#### Instructions for the task:
Copy every line of the data in which the word "using" occurs.

#### Material provided:
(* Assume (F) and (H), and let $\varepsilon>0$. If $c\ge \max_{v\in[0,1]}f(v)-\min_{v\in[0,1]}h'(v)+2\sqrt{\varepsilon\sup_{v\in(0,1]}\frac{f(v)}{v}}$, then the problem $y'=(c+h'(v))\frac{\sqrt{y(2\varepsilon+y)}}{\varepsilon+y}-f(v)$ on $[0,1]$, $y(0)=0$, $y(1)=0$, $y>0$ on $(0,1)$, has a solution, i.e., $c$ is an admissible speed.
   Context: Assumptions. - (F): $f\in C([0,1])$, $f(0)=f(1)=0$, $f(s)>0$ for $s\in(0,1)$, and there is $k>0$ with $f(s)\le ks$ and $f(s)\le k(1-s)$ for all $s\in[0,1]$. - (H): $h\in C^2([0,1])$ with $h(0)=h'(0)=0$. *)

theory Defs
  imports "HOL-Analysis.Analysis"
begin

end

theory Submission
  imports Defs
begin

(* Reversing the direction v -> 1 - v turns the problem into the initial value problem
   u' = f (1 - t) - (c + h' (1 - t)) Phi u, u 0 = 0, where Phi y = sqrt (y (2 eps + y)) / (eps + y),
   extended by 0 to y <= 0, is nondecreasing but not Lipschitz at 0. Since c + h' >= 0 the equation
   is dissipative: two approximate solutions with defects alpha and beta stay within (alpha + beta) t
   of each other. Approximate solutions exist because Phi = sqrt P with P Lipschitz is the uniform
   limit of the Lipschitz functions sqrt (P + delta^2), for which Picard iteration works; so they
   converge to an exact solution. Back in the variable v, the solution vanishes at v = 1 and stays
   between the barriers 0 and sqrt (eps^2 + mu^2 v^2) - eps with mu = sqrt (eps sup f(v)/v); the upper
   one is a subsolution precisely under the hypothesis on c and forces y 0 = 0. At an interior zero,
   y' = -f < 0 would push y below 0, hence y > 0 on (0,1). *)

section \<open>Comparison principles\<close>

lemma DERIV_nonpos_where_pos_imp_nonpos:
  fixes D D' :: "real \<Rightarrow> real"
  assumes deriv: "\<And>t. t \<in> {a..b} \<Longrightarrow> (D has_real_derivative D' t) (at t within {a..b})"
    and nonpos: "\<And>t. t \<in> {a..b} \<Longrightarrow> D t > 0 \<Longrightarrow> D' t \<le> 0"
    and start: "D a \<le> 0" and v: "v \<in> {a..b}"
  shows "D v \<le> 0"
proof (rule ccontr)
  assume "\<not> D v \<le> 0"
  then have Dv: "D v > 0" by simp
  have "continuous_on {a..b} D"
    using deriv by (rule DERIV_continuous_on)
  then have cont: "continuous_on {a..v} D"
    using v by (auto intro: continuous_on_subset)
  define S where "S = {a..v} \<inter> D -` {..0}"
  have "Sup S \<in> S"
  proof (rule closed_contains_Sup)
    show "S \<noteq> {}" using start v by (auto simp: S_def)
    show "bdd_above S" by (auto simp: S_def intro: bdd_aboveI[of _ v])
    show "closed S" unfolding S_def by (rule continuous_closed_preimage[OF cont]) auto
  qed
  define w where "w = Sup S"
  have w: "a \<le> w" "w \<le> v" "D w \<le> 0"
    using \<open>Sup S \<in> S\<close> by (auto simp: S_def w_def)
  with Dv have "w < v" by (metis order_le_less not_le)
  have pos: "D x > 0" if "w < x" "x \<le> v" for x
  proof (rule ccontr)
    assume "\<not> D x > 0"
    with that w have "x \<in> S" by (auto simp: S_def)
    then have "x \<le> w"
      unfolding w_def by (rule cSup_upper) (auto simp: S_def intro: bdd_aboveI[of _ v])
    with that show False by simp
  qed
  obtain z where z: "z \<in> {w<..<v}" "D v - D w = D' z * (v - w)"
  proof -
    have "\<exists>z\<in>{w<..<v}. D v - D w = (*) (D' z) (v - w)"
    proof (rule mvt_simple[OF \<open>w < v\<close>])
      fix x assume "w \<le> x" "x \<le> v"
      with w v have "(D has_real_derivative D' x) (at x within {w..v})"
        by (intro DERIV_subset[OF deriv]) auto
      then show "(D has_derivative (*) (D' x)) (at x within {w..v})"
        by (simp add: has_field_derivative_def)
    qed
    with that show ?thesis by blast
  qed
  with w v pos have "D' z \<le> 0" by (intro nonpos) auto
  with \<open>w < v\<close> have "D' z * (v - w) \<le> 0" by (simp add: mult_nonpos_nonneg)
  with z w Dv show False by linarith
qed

#### Response:
    using deriv by (rule DERIV_continuous_on)
    using v by (auto intro: continuous_on_subset)
    show "S \<noteq> {}" using start v by (auto simp: S_def)
    using \<open>Sup S \<in> S\<close> by (auto simp: S_def w_def)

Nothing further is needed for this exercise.